§ Your assignment
Your reply should be only the number of lines in the material below that include the word "unfolding".

§ Exercise data
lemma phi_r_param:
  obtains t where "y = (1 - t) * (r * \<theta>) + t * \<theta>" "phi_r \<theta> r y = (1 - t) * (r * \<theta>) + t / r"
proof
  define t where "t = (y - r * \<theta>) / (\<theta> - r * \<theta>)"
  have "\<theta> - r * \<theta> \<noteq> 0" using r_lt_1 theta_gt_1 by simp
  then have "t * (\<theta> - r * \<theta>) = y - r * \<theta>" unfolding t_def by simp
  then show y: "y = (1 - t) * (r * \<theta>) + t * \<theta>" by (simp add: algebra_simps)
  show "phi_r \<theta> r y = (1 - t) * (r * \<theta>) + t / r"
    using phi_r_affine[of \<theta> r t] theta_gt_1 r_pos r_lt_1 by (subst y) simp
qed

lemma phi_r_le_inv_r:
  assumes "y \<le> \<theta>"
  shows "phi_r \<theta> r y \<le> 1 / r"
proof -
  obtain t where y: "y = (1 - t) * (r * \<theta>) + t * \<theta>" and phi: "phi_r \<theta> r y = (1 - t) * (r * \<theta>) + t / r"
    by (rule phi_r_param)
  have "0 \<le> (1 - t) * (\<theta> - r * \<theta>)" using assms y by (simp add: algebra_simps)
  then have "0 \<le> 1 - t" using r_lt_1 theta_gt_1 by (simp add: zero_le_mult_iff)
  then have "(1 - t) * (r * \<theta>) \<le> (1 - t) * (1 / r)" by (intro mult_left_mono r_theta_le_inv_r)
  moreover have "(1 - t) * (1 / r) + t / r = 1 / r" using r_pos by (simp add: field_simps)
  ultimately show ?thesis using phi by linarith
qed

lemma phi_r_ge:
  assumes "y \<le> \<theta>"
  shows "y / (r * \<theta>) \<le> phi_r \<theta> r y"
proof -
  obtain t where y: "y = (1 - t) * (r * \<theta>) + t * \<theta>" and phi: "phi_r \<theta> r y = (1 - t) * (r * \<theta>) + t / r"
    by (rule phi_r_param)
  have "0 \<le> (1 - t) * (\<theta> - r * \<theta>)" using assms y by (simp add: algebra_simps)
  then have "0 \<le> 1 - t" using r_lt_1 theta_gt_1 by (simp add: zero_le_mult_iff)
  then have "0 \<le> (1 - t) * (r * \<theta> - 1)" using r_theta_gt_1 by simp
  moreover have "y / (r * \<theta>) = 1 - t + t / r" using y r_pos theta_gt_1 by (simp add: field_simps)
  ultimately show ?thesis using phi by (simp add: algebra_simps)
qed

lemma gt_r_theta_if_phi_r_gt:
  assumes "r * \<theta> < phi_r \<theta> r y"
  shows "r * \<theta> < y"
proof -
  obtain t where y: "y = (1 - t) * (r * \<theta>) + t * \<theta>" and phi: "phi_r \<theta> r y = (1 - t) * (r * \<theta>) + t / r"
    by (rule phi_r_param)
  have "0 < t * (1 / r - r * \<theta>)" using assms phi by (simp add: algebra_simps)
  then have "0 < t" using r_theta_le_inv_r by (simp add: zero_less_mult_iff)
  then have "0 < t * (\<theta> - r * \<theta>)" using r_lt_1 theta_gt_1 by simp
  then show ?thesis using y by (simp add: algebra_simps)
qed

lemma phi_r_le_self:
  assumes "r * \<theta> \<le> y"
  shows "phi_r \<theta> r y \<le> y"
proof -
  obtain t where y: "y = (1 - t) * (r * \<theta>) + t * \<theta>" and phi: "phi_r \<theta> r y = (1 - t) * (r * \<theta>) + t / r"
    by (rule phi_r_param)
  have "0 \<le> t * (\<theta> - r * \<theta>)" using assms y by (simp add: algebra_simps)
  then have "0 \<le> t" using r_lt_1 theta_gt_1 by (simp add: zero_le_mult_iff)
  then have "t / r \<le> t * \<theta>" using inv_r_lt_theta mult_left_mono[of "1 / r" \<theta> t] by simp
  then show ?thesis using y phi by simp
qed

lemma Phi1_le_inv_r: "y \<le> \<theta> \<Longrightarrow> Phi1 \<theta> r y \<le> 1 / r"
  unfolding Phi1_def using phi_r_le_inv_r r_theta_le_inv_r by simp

---

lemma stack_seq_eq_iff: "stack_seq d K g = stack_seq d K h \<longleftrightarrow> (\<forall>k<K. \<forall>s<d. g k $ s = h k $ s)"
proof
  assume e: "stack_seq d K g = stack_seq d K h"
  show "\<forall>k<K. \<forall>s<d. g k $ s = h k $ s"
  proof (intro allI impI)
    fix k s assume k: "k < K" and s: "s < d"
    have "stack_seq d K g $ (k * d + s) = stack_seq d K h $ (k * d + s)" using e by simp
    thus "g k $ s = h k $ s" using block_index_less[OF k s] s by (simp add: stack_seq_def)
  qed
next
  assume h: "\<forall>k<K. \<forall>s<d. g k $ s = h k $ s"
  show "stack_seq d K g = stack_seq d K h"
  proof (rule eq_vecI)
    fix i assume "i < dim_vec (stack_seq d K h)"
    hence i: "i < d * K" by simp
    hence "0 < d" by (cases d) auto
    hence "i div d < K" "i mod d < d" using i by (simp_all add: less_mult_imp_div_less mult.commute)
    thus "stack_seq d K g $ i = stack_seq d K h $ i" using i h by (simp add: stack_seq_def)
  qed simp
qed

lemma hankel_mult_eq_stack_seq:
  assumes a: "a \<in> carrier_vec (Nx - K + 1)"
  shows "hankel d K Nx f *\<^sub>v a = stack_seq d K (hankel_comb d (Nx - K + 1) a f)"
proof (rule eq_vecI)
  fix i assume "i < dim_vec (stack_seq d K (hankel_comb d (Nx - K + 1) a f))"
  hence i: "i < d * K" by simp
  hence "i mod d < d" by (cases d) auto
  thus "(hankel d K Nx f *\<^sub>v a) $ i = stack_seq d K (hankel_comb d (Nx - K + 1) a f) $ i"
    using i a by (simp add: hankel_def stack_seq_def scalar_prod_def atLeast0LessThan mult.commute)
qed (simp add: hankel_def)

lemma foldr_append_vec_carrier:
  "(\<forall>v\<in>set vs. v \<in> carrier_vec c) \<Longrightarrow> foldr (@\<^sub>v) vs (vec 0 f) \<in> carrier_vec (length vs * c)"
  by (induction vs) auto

--

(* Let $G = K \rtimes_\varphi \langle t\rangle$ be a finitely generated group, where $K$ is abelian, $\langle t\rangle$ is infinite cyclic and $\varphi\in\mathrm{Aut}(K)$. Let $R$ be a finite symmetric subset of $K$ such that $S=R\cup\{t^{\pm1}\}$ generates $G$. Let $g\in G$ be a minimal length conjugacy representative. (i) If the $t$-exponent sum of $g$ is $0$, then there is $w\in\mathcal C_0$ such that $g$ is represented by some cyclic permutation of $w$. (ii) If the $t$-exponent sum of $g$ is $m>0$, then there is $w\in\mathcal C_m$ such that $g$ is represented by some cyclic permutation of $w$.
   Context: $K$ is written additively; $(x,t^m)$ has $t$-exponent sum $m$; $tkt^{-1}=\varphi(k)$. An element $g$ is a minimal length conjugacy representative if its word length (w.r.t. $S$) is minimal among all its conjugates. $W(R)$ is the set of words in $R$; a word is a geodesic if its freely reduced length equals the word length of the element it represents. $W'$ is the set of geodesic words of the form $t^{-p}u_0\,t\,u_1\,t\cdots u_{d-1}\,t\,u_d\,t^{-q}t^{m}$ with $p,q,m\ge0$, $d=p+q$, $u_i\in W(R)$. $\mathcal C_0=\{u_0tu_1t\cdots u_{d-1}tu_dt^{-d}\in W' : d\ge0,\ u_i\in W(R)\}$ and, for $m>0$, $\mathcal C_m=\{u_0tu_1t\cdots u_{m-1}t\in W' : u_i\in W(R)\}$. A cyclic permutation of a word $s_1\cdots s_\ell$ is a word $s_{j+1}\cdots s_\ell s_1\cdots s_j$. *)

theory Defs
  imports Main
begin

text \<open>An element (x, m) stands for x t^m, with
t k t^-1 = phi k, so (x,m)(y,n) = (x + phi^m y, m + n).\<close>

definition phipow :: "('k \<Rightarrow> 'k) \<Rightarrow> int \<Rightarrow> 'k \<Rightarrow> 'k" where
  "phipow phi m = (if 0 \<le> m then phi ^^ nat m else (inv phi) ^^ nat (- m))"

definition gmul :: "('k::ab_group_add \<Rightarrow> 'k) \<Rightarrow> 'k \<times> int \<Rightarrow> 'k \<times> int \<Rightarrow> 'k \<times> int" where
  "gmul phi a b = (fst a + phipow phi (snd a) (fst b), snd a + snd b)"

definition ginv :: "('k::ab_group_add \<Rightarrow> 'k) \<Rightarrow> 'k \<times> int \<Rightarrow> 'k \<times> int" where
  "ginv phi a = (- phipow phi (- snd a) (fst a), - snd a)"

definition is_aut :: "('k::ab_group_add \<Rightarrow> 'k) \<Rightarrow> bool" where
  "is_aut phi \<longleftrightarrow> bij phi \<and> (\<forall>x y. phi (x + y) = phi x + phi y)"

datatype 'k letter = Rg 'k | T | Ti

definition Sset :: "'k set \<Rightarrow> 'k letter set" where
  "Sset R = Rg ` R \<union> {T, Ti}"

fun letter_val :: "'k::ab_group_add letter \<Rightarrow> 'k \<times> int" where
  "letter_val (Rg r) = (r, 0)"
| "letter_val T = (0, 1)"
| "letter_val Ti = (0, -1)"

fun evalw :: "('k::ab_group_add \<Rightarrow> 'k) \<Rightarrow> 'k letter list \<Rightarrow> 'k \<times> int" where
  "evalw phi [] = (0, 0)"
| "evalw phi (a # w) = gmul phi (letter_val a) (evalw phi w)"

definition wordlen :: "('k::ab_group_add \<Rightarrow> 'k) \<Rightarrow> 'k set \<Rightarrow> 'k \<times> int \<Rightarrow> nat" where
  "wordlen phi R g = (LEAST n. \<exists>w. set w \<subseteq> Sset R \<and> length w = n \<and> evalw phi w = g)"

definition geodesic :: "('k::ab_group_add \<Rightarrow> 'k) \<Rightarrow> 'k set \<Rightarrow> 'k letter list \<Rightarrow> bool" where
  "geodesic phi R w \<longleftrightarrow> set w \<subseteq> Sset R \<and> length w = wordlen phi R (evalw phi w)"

§ Written response
2